Housing Boom and Bust
The same discredited assumptions and the same disregard of repercussions.
What created the illusion of a nationwide problem was that, in particular localities around the country, housing prices had skyrocketed to the point where people had to pay half their income to buy a modest-sized home and often resorted to very risky ways of financing the purchase. In Tucson, for example, “roughly 60% of first-time home buyers make no down payment and instead now use 100% financing to get into the market,” according to the Wall Street Journal. Almost invariably, these locally extreme housing prices have been a result of local political crusades in the name of locally attractive slogans about the environment, open space, “smart growth,” or whatever other phrases had political resonance at the particular time and place.
Where housing markets have been more or less left alone — in places like Houston or Dallas, for example — housing did not take even half as big a share of family incomes as did comparable housing in places like the San Francisco Bay Area, where heavily hyped political crusades had led to severe restrictions on building. It was in precisely these extremely high housing-cost enclaves that the kind of people for whom the national housing crusade expressed much concern — minorities, low-income people and families with children — were forced out disproportionately. Few things blind human beings to the actual consequences of what they are doing like a heady feeling of self-righteousness during a crusade to smite the wicked and rescue the downtrodden. Statistical studies about disparities between blacks and whites in mortgage loan approval rates might be said to have “jump-started” the housing crusades that began in the 1990s. Politicians and the media led this crusade, with many community activists following in their wake, much like scavengers, able to extract large sums of money from banks and other institutions by raising claims of discrimination, whose power to delay government approval of bank mergers and other business decisions made pay-offs to these activists the only prudent course for those accused.
Even where loudly proclaimed concern for the poor and minorities gave impetus to the drive for over-riding traditional mortgage lending standards, this is not to say that the poor and minorities were the sole beneficiaries or even the main beneficiaries. When you open the floodgates, you cannot tell the water where to go. Housing speculators — “flippers” — found the new and looser home mortgage rules a bonanza. So did many others. It is by no means clear that the poor or minorities came out ahead at all, after the housing boom turned to bust and many were left with mortgage payments they couldn’t meet on homes they couldn’t afford.

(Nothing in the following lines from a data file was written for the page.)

(* Let $P$ be a finite poset with $n$ elements and $\theta:P\to[n]$ a bijection. Then $$\hat K_{P,\theta}=\sum_{N\ge n}\ \sum_{w\in\tilde{\mathcal J}_N(P,\theta)}\hat L_{\mathcal C(w)}.$$
   Context: A $(P,\theta)$-multiset-valued partition is a map $\sigma$ from $P$ to nonempty finite multisets of positive integers such that for every covering relation $s\lessdot t$ in $P$: $\max\sigma(s)\le\min\sigma(t)$ if $\theta(s)<\theta(t)$, and $\max\sigma(s)<\min\sigma(t)$ if $\theta(s)>\theta(t)$. $\hat K_{P,\theta}=\sum_\sigma\prod_{r\ge1}x_r^{m_r(\sigma)}$, summed over all such $\sigma$, where $m_r(\sigma)$ is the total multiplicity of $r$ in all the multisets $\sigma(p)$, $p\in P$. A linear multi-extension of $P$ by $[N]$ ($N\ge n$) is a map $e$ from $P$ to nonempty subsets of $[N]$ such that $\max e(x)<\min e(y)$ whenever $x<y$ in $P$, each $i\in[N]$ lies in $e(x)$ for exactly one $x\in P$ (denoted $e^{-1}(i)$), and no $e(x)$ contains both $i$ and $i+1$. $\tilde{\mathcal J}_N(P,\theta)$ is the set of words $\theta(e^{-1}(1))\theta(e^{-1}(2))\cdots\theta(e^{-1}(N))$ over all linear multi-extensions $e$ of $P$ by $[N]$. For a word $w=w_1\cdots w_N$ with no two consecutive letters equal, $\mathcal C(w)=(s_1,s_2-s_1,\dots,N-s_k)$ where $\{s_1<\dots<s_k\}=\{i:w_i>w_{i+1}\}$. For a composition $\alpha=(\alpha_1,\dots,\alpha_k)$ of $m$ with $S_\alpha=\{\alpha_1,\alpha_1+\alpha_2,\dots,\alpha_1+\dots+\alpha_{k-1}\}$, $\hat L_\alpha=\sum x^\sigma$ over all sequences $(\sigma_1,\dots,\sigma_m)$ of nonempty finite multisets of positive integers with $\max\sigma_j\le\min\sigma_{j+1}$ for all $j$ and strict inequality when $j\in S_\alpha$, with $x^\sigma$ the monomial counting multiplicities. *)

theory Defs
  imports Complex_Main "HOL-Library.Multiset"
begin

text \<open>Formal power series in x_1, x_2, ... are represented by their coefficient
  functions: a monomial prod_r x_r^(m_r) is the multiset of positive integers in which
  r has multiplicity m_r; a series is a map from monomials to real coefficients.\<close>

text \<open>The finite poset P is a finite carrier set inside an ordered type, with the induced order.\<close>

definition covers :: "'a::order set \<Rightarrow> 'a \<Rightarrow> 'a \<Rightarrow> bool" where
  "covers P s t \<longleftrightarrow> s \<in> P \<and> t \<in> P \<and> s < t \<and> \<not> (\<exists>u\<in>P. s < u \<and> u < t)"

definition pos_mset :: "nat multiset \<Rightarrow> bool" where
  "pos_mset M \<longleftrightarrow> M \<noteq> {#} \<and> 0 \<notin># M"

definition mmax :: "nat multiset \<Rightarrow> nat" where "mmax M = Max (set_mset M)"
definition mmin :: "nat multiset \<Rightarrow> nat" where "mmin M = Min (set_mset M)"

definition mvp :: "'a::order set \<Rightarrow> ('a \<Rightarrow> nat) \<Rightarrow> ('a \<Rightarrow> nat multiset) \<Rightarrow> bool" where
  "mvp P \<theta> \<sigma> \<longleftrightarrow> (\<forall>p\<in>P. pos_mset (\<sigma> p)) \<and> (\<forall>x. x \<notin> P \<longrightarrow> \<sigma> x = {#}) \<and>
     (\<forall>s t. covers P s t \<longrightarrow>
        (\<theta> s < \<theta> t \<longrightarrow> mmax (\<sigma> s) \<le> mmin (\<sigma> t)) \<and>
        (\<theta> s > \<theta> t \<longrightarrow> mmax (\<sigma> s) < mmin (\<sigma> t)))"

text \<open>Coefficient of the monomial mu in hat K_{P,theta}.\<close>
definition Khat :: "'a::order set \<Rightarrow> ('a \<Rightarrow> nat) \<Rightarrow> nat multiset \<Rightarrow> real" where
  "Khat P \<theta> \<mu> = real (card {\<sigma>. mvp P \<theta> \<sigma> \<and> (\<Sum>p\<in>P. \<sigma> p) = \<mu>})"

definition lin_multi_ext :: "'a::order set \<Rightarrow> nat \<Rightarrow> ('a \<Rightarrow> nat set) \<Rightarrow> bool" where
  "lin_multi_ext P N e \<longleftrightarrow>
     (\<forall>x\<in>P. e x \<noteq> {} \<and> e x \<subseteq> {1..N}) \<and> (\<forall>x. x \<notin> P \<longrightarrow> e x = {}) \<and>
     (\<forall>x\<in>P. \<forall>y\<in>P. x < y \<longrightarrow> Max (e x) < Min (e y)) \<and>
     (\<forall>i\<in>{1..N}. \<exists>!x. x \<in> P \<and> i \<in> e x) \<and>
     (\<forall>x\<in>P. \<forall>i. \<not> (i \<in> e x \<and> Suc i \<in> e x))"

definition ext_word :: "'a set \<Rightarrow> ('a \<Rightarrow> nat) \<Rightarrow> nat \<Rightarrow> ('a \<Rightarrow> nat set) \<Rightarrow> nat list" where
  "ext_word P \<theta> N e = map (\<lambda>i. \<theta> (THE x. x \<in> P \<and> i \<in> e x)) [1..<N+1]"

definition Jtilde :: "'a::order set \<Rightarrow> ('a \<Rightarrow> nat) \<Rightarrow> nat \<Rightarrow> nat list set" where
  "Jtilde P \<theta> N = {ext_word P \<theta> N e | e. lin_multi_ext P N e}"

text \<open>Descent set of a word w_1...w_N (1-indexed positions i with w_i > w_(i+1)) and
  the composition C(w).\<close>
definition descents :: "nat list \<Rightarrow> nat set" where
  "descents w = {i. 1 \<le> i \<and> i < length w \<and> w ! (i - 1) > w ! i}"

definition comp_of_word :: "nat list \<Rightarrow> nat list" where
  "comp_of_word w = (let s = sorted_list_of_set (descents w)
                     in map2 (-) (s @ [length w]) (0 # s))"

definition Sset :: "nat list \<Rightarrow> nat set" where
  "Sset \<alpha> = {sum_list (take j \<alpha>) | j. 1 \<le> j \<and> j < length \<alpha>}"

text \<open>Coefficient of the monomial mu in hat L_alpha; sequences (sigma_1,...,sigma_m) are
  encoded 0-indexed as sigma 0, ..., sigma (m-1), and empty beyond.\<close>
definition Lhat :: "nat list \<Rightarrow> nat multiset \<Rightarrow> real" where
  "Lhat \<alpha> \<mu> = real (card {\<sigma> :: nat \<Rightarrow> nat multiset.
      (\<forall>j. j \<ge> sum_list \<alpha> \<longrightarrow> \<sigma> j = {#}) \<and>
      (\<forall>j < sum_list \<alpha>. pos_mset (\<sigma> j)) \<and>
      (\<forall>j. Suc j < sum_list \<alpha> \<longrightarrow>
          mmax (\<sigma> j) \<le> mmin (\<sigma> (Suc j)) \<and>
          (Suc j \<in> Sset \<alpha> \<longrightarrow> mmax (\<sigma> j) < mmin (\<sigma> (Suc j)))) \<and>
      (\<Sum>j < sum_list \<alpha>. \<sigma> j) = \<mu>})"

end

theory Submission
  imports Defs "HOL-Library.Product_Lexorder"
begin

text \<open>List all entries of a multiset-valued function \<sigma>, i.e. the pairs (a, x) with a \<in> \<sigma>(x),
  in lexicographic order of (a, \<theta>(x)) and cut this list into maximal runs of a common label x.
  For injective \<theta> the resulting chain of blocks is determined by its content \<sigma>. When \<sigma> is a
  (P,\<theta>)-multiset-valued partition, the conditions along covering relations say precisely that
  entries increase lexicographically from s to t, so x < y in P puts every block of x before
  every block of y: the label sequence is a linear multi-extension e of P. Given e, the blocks
  of a chain with label sequence e are exactly the sequences counted by hat L of the
  composition of the word \<theta> \<circ> e, since equal values at a block boundary are allowed precisely
  where \<theta> ascends. Hence \<sigma> \<mapsto> (N, e, blocks) is a bijection, and N never exceeds the size of
  the monomial, so each coefficient of the series is a finite sum.\<close>

section \<open>Lexicographic chains of blocks\<close>

definition lex_chain ::
  "('a \<Rightarrow> 'b::linorder) \<Rightarrow> nat \<Rightarrow> (nat \<Rightarrow> 'a) \<Rightarrow> (nat \<Rightarrow> 'v::linorder multiset) \<Rightarrow> bool" where
  "lex_chain \<theta> N lb \<tau> \<longleftrightarrow> (\<forall>j<N. \<tau> j \<noteq> {#}) \<and>
     (\<forall>j. Suc j < N \<longrightarrow> lb j \<noteq> lb (Suc j) \<and>
        (\<forall>a\<in>#\<tau> j. \<forall>b\<in>#\<tau> (Suc j). (a, \<theta> (lb j)) < (b, \<theta> (lb (Suc j)))))"

definition chain_content :: "nat \<Rightarrow> (nat \<Rightarrow> 'a) \<Rightarrow> (nat \<Rightarrow> 'v multiset) \<Rightarrow> 'a \<Rightarrow> 'v multiset" where
  "chain_content N lb \<tau> x = (\<Sum>j<N. if lb j = x then \<tau> j else {#})"

lemma in_chain_content_iff: "b \<in># chain_content N lb \<tau> x \<longleftrightarrow> (\<exists>j<N. lb j = x \<and> b \<in># \<tau> j)"
  unfolding chain_content_def by (auto simp: set_mset_sum split: if_splits)

lemma block_subseteq_chain_content: "j < N \<Longrightarrow> \<tau> j \<subseteq># chain_content N lb \<tau> (lb j)"
  unfolding chain_content_def by (simp add: sum.remove[of _ j])

lemma chain_content_0 [simp]: "chain_content 0 lb \<tau> x = {#}"
  unfolding chain_content_def by simp

lemma chain_content_Suc:
  "chain_content (Suc N) lb \<tau> x =
     (if lb 0 = x then \<tau> 0 else {#}) + chain_content N (\<lambda>j. lb (Suc j)) (\<lambda>j. \<tau> (Suc j)) x"
  unfolding chain_content_def by (simp only: sum.lessThan_Suc_shift)

lemma chain_content_cong: "\<forall>j<N. lb j = lb' j \<Longrightarrow> chain_content N lb \<tau> = chain_content N lb' \<tau>"
  unfolding chain_content_def by (intro ext sum.cong) auto

lemma lex_chain_Suc:
  "lex_chain \<theta> (Suc N) lb \<tau> \<Longrightarrow> lex_chain \<theta> N (\<lambda>j. lb (Suc j)) (\<lambda>j. \<tau> (Suc j))"
  unfolding lex_chain_def by auto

With rich rewards available — politically, ideologically, and financially — from the “affordable housing” crusade, there were ample incentives to keep this crusade going for years. Meanwhile, various special interests found ways to benefit themselves from all this, whether as home builders, real-estate investors, or others, and therefore added their voices in support of the open-ended goal of more home ownership through various ways of achieving, or seeming to achieve, affordable housing. Supporters of such policies and programs easily drowned out the voices of those economists and others who increasingly warned of the risky financial arrangements that were behind the statistics on the growing numbers of home buyers that were so triumphantly being paraded as fruits of the crusade for affordable housing and the stamping out of mortgage lending discrimination.
In short, this was a crusade that was feeding on its own successes by its own criteria, and was not likely to stop unless it got stopped.